Tamsil Linrung Serukan Soliditas Dukung Visi Presiden Prabowo Pada Mukernas Wahdah Islamiyah

Published

on

Kitasulsel–Makassar Wakil Ketua DPD RI Tamsil Linrung menyampaikan pidato inspiratif dalam acara pembukaan Musyawarah Kerja Nasional (Mukernas) Wahdah Islamiyah yang digelar di Asrama Haji Embarkasi Makassar, Kamis (5/12/2024).

Kegiatan yang mengusung tema: “Mengokohkan Soliditas dan Kolaborasi Mewujudkan Indonesia Maju dan Berkah” ini akan berlangsung pada 5-8 Desember 2024 dengan menghadirkan tokoh-tokoh nasional.

Dalam pidatonya, Tamsil menekankan pentingnya peran strategis organisasi Islam dalam mendukung pembangunan nasional yang berlandaskan moralitas dan nilai-nilai agama.

“Tema ini sangat relevan dengan konteks bangsa kita hari ini. Di tengah dinamika global yang penuh tantangan, kita memiliki tanggung jawab besar untuk mengambil peran strategis dalam menyukseskan agenda pemerintahan Presiden Prabowo Subianto. Khususnya di bidang pembangunan sumber daya manusia dan karakter bangsa,” ujar Tamsil.

BACA JUGA  Ratu Nurhilma Thalita: Dari Atlet Taekwondo hingga Juara Harapan Ana Dara Malebbi

Mengutip pidato Presiden RI Prabowo Subianto, Tamsil menyampaikan bahwa bangsa Indonesia tidak hanya besar dari segi wilayah dan penduduk, tetapi juga besar dalam moralitas, akhlak, dan semangat persatuan.

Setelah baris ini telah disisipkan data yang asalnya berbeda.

(* Let $l$ be a prime, $\tilde\chi$ a Dirichlet character modulo $l$ with associated character $\chi$, and $f\in S_2^k(\Gamma_0^{(2)}(l),\chi)$. Let $s$ be a symmetric positive definite integral $2\times 2$ matrix with $l'=\det(s)$, $l\nmid l'$. Let $W_l=\begin{pmatrix}lx&y\\ ll'z&lw\end{pmatrix}$ with $x,y,z,w\in\mathbb{Z}$ and $\det W_l=l$ (so $\begin{pmatrix}x&y\\ l'z&lw\end{pmatrix}\in\mathrm{SL}_2(\mathbb{Z})$). Then \[W_l\,\phi_s^*f(\tau)=l^k\,\chi(l'z^2)\,\phi_{ls}^*(f|_{E_2})(\tau).\]
   Context: $\Gamma_0^{(2)}(l)=\{\begin{pmatrix}A&B\\C&D\end{pmatrix}\in \mathrm{Sp}_4(\mathbb{Z}) : C\equiv 0 \pmod l\}$; for $M=\begin{pmatrix}A&B\\C&D\end{pmatrix}$, $F|_kM(Z)=\det(CZ+D)^{-k}F((AZ+B)(CZ+D)^{-1})$ on the genus 2 Siegel upper half space; $\chi(M)=\tilde\chi(\det D)$, and for an integer $n$ prime to $l$, $\chi(n)=\tilde\chi(n)$. $S_2^k(\Gamma_0^{(2)}(l),\chi)$ is the space of Siegel cusp forms of degree 2, weight $k$ with $f|_kM=\chi(M)f$ for all $M\in\Gamma_0^{(2)}(l)$. $E_2=\begin{pmatrix}0&I_2\\-I_2&0\end{pmatrix}$. For a positive definite symmetric $2\times2$ matrix $s$ and a function $F$ on $\mathbb{H}_2$, $\phi_s^*(F)(\tau)=F(s\tau)$. For an elliptic form $g$ of weight $2k$ and $\gamma=\begin{pmatrix}a&b\\c&d\end{pmatrix}\in\mathrm{GL}_2^+(\mathbb{Q})$, $(g|\gamma)(\tau)=\det(\gamma)^k(c\tau+d)^{-2k}g(\gamma\tau)$, and $W_l g:=g|W_l$. *)

theory Defs
  imports "HOL-Analysis.Analysis"
begin

definition dirichlet_char :: "nat \<Rightarrow> (int \<Rightarrow> complex) \<Rightarrow> bool" where
  "dirichlet_char l chi \<longleftrightarrow> l > 0 \<and> chi 1 = 1 \<and>
     (\<forall>m n. chi (m * n) = chi m * chi n) \<and>
     (\<forall>n. chi (n + int l) = chi n) \<and>
     (\<forall>n. chi n = 0 \<longleftrightarrow> \<not> coprime n (int l))"

type_synonym cmat2 = "complex^2^2"
type_synonym imat2 = "int^2^2"

definition of_int_mat :: "imat2 \<Rightarrow> cmat2" where
  "of_int_mat A = (\<chi> i j. of_int (A$i$j))"

definition Im_mat :: "cmat2 \<Rightarrow> real^2^2" where
  "Im_mat Z = (\<chi> i j. Im (Z$i$j))"

definition pos_def_real :: "real^2^2 \<Rightarrow> bool" where
  "pos_def_real Y \<longleftrightarrow> (\<forall>v. v \<noteq> 0 \<longrightarrow> v \<bullet> (Y *v v) > 0)"

definition pos_def_int :: "imat2 \<Rightarrow> bool" where
  "pos_def_int S \<longleftrightarrow> (\<forall>v::int^2. v \<noteq> 0 \<longrightarrow> (\<Sum>i\<in>UNIV. \<Sum>j\<in>UNIV. v$i * S$i$j * v$j) > 0)"

definition Sym2 :: "cmat2 set" where
  "Sym2 = {Z. transpose Z = Z}"

definition siegel_H2 :: "cmat2 set" where
  "siegel_H2 = {Z. transpose Z = Z \<and> pos_def_real (Im_mat Z)}"

definition cscale :: "complex \<Rightarrow> cmat2 \<Rightarrow> cmat2" where
  "cscale c Z = (\<chi> i j. c * Z$i$j)"

text \<open>Holomorphy on the Siegel upper half space (an open subset of the
  3-dimensional complex space of symmetric matrices): complex Frechet differentiability.\<close>

definition holomorphic_H2 :: "(cmat2 \<Rightarrow> complex) \<Rightarrow> bool" where
  "holomorphic_H2 F \<longleftrightarrow> (\<forall>Z\<in>siegel_H2. \<exists>D. (F has_derivative D) (at Z within Sym2) \<and>
       (\<forall>c V. V \<in> Sym2 \<longrightarrow> D (cscale c V) = c * D V))"

text \<open>An element (A,B,C,D) of Sp_4(Z) in block form; M^T J M = J written in blocks.\<close>

definition Sp4Z :: "(imat2 \<times> imat2 \<times> imat2 \<times> imat2) set" where
  "Sp4Z = {(A,B,C,D). transpose A ** C = transpose C ** A \<and>
                      transpose B ** D = transpose D ** B \<and>
                      transpose A ** D - transpose C ** B = mat 1}"

definition Gamma0_2 :: "nat \<Rightarrow> (imat2 \<times> imat2 \<times> imat2 \<times> imat2) set" where
  "Gamma0_2 l = {(A,B,C,D) \<in> Sp4Z. \<forall>i j. int l dvd C$i$j}"

definition slash :: "nat \<Rightarrow> (imat2 \<times> imat2 \<times> imat2 \<times> imat2) \<Rightarrow> (cmat2 \<Rightarrow> complex) \<Rightarrow> cmat2 \<Rightarrow> complex" where
  "slash k M F Z = (case M of (A,B,C,D) \<Rightarrow>
     inverse (det (of_int_mat C ** Z + of_int_mat D) ^ k) *
     F ((of_int_mat A ** Z + of_int_mat B) ** matrix_inv (of_int_mat C ** Z + of_int_mat D)))"

definition E2 :: "imat2 \<times> imat2 \<times> imat2 \<times> imat2" where
  "E2 = (0, mat 1, - mat 1, 0)"

definition diag2 :: "complex \<Rightarrow> complex \<Rightarrow> cmat2" where
  "diag2 a b = (\<chi> i j. if i = j then (if i = 1 then a else b) else 0)"

text \<open>Siegel cusp forms of degree 2, weight k, level Gamma_0^(2)(l), character chi(M) = chi~(det D).
  Cusp condition: Siegel Phi operator of f|_k M vanishes for every M in Sp_4(Z).\<close>

definition siegel_cusp_form :: "nat \<Rightarrow> nat \<Rightarrow> (int \<Rightarrow> complex) \<Rightarrow> (cmat2 \<Rightarrow> complex) \<Rightarrow> bool" where
  "siegel_cusp_form l k chi F \<longleftrightarrow>
     holomorphic_H2 F \<and>
     (\<forall>M\<in>Gamma0_2 l. \<forall>Z\<in>siegel_H2. slash k M F Z = chi (det (snd (snd (snd M)))) * F Z) \<and>
     (\<forall>M\<in>Sp4Z. \<forall>\<tau>. Im \<tau> > 0 \<longrightarrow>
        ((\<lambda>t::real. slash k M F (diag2 \<tau> (\<i> * of_real t))) \<longlongrightarrow> 0) at_top)"

definition phi_star :: "imat2 \<Rightarrow> (cmat2 \<Rightarrow> complex) \<Rightarrow> complex \<Rightarrow> complex" where
  "phi_star s F \<tau> = F (\<chi> i j. of_int (s$i$j) * \<tau>)"

definition ell_slash :: "nat \<Rightarrow> real \<times> real \<times> real \<times> real \<Rightarrow> (complex \<Rightarrow> complex) \<Rightarrow> complex \<Rightarrow> complex" where
  "ell_slash k \<gamma> g \<tau> = (case \<gamma> of (a,b,c,d) \<Rightarrow>
     complex_of_real (a*d - b*c) ^ k * inverse ((of_real c * \<tau> + of_real d) ^ (2*k)) *
     g ((of_real a * \<tau> + of_real b) / (of_real c * \<tau> + of_real d)))"

end

theory Submission
  imports Defs
begin

(* Put s' = det s and \<sigma> = -1/(l\<tau>).  Since E_2 acts by Z \<mapsto> -Z^-1, the right-hand side is
   l^k \<chi>(s' z^2) (l^2 \<tau>^2 s')^-k f(\<sigma> s^-1).  The matrix M = (y s, -x; l w, -z adj s) lies in
   \<Gamma>_0^(2)(l) because s is symmetric and l x w - y s' z = 1.  As adj s = s' s^-1, M maps \<sigma> s^-1
   to \<tau>' s with \<tau>' = (y\<sigma> - x)/(l w \<sigma> - s' z), which is W_l \<tau>; its automorphy factor is
   (l w \<sigma> - s' z)^2 / s' and its character value \<chi>(det (-z adj s)) = \<chi>(s' z^2).  The
   transformation law under M expresses f(\<tau>' s) through f(\<sigma> s^-1), and substituting \<sigma>
   turns this into the claimed identity. *)

definition mat2 :: "'a \<Rightarrow> 'a \<Rightarrow> 'a \<Rightarrow> 'a \<Rightarrow> 'a^2^2" where
  "mat2 a b c d = (\<chi> i j. if i = 1 then (if j = 1 then a else b) else (if j = 1 then c else d))"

“Pemimpin-pemimpin kita harus memiliki akhlak kesetiaan, bukan yang mudah berubah. Integritas dan konsistensi moral adalah kualitas esensial dalam membangun kekuatan bangsa,” imbuhnya.

Lebih lanjut, Senator dapil Sulsel itu juga menyampaikan peran strategis Wahdah Islamiyah. Tamsil menyebut ada tiga ruang kontribusi besar yang dapat diperankan oleh Wahdah Islamiyah: Pendidikan, dakwah, dan pemberdayaan masyarakat. Ia juga menyampaikan ketiga gerakan ini telah dilakukan oleh Wahdah Islamiyah, namun diperlukan transformasi gerakan yang lebih inovatif, terstruktur, dan berorientasi pada kebutuhan zaman.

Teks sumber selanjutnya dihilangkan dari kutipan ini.